Deepfake, for those uninitiated, is a technique based on artificial intelligence (AI), which can be used to alter photos or videos by superimposing images on to videos using a machine learning technique, called Generative Adversarial Network (GAN), which is capable of generating new sets of data with the same set that was used to initially train it. A deepfake generated this way can be used in various illicit ways against a person to fabricate their public stature. Not to mention, the lengths to which this could be taken to cause harm to the person.
In the past, Deepfakes have been used to alter and misrepresent political speeches. And last year, a desktop application, in the name of FakeApp, was launched to allow people (non-tech-savvy) to easily create and share videos with faces swapped. This software requires a lot of graphics processing, storage space, huge dataset: to learn the different aspects of the image that can be replaced and uses Google’s free and open-source software library, Tensorflow. What’s even alarming is that it’s not just the FakeApp, but a lot of similar software, which are available to download for free on the internet.
As of today, researchers at the Samsung AI Center in Moscow have developed a way to create ‘living portraits’ from a very small dataset (as small as a single photograph, in a few models). The paper, ‘Few-Shot Adversarial Learning of Realistic Neural Talking Head Models’, which highlights the same, was also published on Monday, clarifying how the model can be trained using a relatively smaller dataset.
In this paper, researchers highlighted the new learning mechanism, called ‘few-shot’, where the model can be trained using just a single image to create a convincing portrait. They also mentioned that using a slightly bigger dataset, with as many as 8 or 32 photographs, can help in improving the portrait and making it more convincing.
Unlike deepfakes or other algorithms that use GAN to paste a face on to another using staple expressions of the person, the ‘few-shot’ learning technique from Samsung, uses common facial features of humans to generate a new face. For this, the ‘talking head models’ are created using convolutional neural networks (CNN), with the algorithm undergoing meta-training on a large dataset of talking head videos, called ‘talking head dataset’, with different types of appearances before it is ready to implement the ‘few- and one-shot learning’. For those unaware, CNN is like an artificial neural network that can classify images, sort them together, similarity, and perform object recognition to identify the different aspects of visual data. So with CNN, the trained algorithm can easily differentiate and detect the different face landmarks of a face and then churn out the desired output.
The ‘talking head dataset’ used by researchers has been taken from ‘VoxCeleb’: 1 and 2, with the second dataset having approximately 10 times more videos than the first one. To showcase what can be achieved using their algorithm, the researchers have showcased different animations of paintings and portraits.
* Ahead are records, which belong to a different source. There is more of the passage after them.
lemma integral_iid_abs_sum_degenerate:
  fixes Q :: "'a::finite pmf" and z :: "'a \<Rightarrow> real"
  assumes "(\<Sum>a\<in>UNIV. pmf Q a * (z a)\<^sup>2) = 0"
  shows "(\<integral>\<omega>. \<bar>\<Sum>i<n. z (\<omega> i)\<bar> \<partial>iid Q) = 0"
proof -
  have z_zero: "z a = 0" if "pmf Q a \<noteq> 0" for a
    using assms that by (subst (asm) sum_nonneg_eq_0_iff) auto
  have summand_zero: "(\<Prod>i<n. pmf Q (ys i)) * \<bar>\<Sum>i<n. z (ys i)\<bar> = 0" for ys :: "nat \<Rightarrow> 'a"
  proof (cases "\<exists>i<n. pmf Q (ys i) = 0")
    case True
    then show ?thesis by auto
  next
    case False
    then show ?thesis by (simp add: z_zero)
  qed
  have "(\<integral>\<omega>. \<bar>\<Sum>i<n. z (\<omega> i)\<bar> \<partial>iid Q)
      = (\<Sum>ys\<in>PiE {..<n} (\<lambda>_. UNIV). (\<Prod>i<n. pmf Q (ys i)) * \<bar>\<Sum>i<n. z (ys i)\<bar>)"
    using has_bochner_integral_iid_restrict[of "{..<n}" Q "\<lambda>ys. \<bar>\<Sum>i<n. z (ys i)\<bar>"]
    by (simp add: has_bochner_integral_iff)
  also have "\<dots> = 0"
    by (rule sum.neutral) (use summand_zero in blast)
  finally show ?thesis .
qed
(* Let $\langle-,-\rangle$ be a cyclic form on $C$. Then $\langle\mu(v_1,\dots,v_n),\mu(w_1,\dots,w_l)\rangle=0$ unless $\mathrm{Span}\{v_1,\dots,v_n,w_1,\dots,w_l\}=V$.
   Context: $k$ is a field of characteristic zero, $V$ a $k$-vector space of dimension $m\ge1$ in degree $0$, $A=\mathrm{Sym}(V)$, and $C=A^{\textup{!`}}$ the exterior coalgebra on $sV$ with elements $\mu(v_1,\dots,v_n)=sv_1\wedge\cdots\wedge sv_n$ (the vectors in each such expression taken linearly independent; $\mu()=e$ is the counit element), and coproduct $\triangle\mu(v_1,\dots,v_n)=\sum_{p=0}^n\sum_{\sigma\in Sh_{p,n-p}}\mathrm{sgn}(\sigma)\mu(v_{\sigma(1)},\dots,v_{\sigma(p)})\otimes\mu(v_{\sigma(p+1)},\dots,v_{\sigma(n)})$. A symmetric bilinear form of degree $-d$ on $C$ is $\langle-,-\rangle:C\otimes C\to k[d]$ with $\langle a,b\rangle=(-1)^{|a||b|}\langle b,a\rangle$; it is cyclic if $\sum\langle a,b^2\rangle b^1=\sum\langle a^1,b\rangle a^2$ for all $a,b$, with $\triangle(a)=\sum a^1\otimes a^2$, $\triangle(b)=\sum b^1\otimes b^2$. *)

theory Defs
  imports "HOL-Analysis.Analysis"
begin

text \<open>Model: V = 'k^'n with 'n a finite linearly ordered index type (m = CARD('n) \<ge> 1).
  The exterior coalgebra C on sV is modelled by coefficient functions on the basis
  e_S = s e_{s_1} \<and> ... \<and> s e_{s_p} (S = {s_1 < ... < s_p} \<subseteq> 'n), i.e. C = 'n set \<Rightarrow> 'k;
  C \<otimes> C = ('n set \<times> 'n set) \<Rightarrow> 'k.  The degree of e_S is card S.\<close>

type_synonym ('k, 'n) coalg = "'n set \<Rightarrow> 'k"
One such animation is of the Mona Lisa, in which, she moves her mouth and eyes and has a smile on her face.
To conclude, here’s a short snippet from the published paper, to summarise the research: “Crucially, the system is able to initialize the parameters of both the generator and the discriminator in a person-specific way, so that training can be based on just a few images and done quickly, despite the need to tune tens of millions of parameters. We show that such an approach is able to learn highly realistic and personalized talking head models of new people and even portrait paintings.”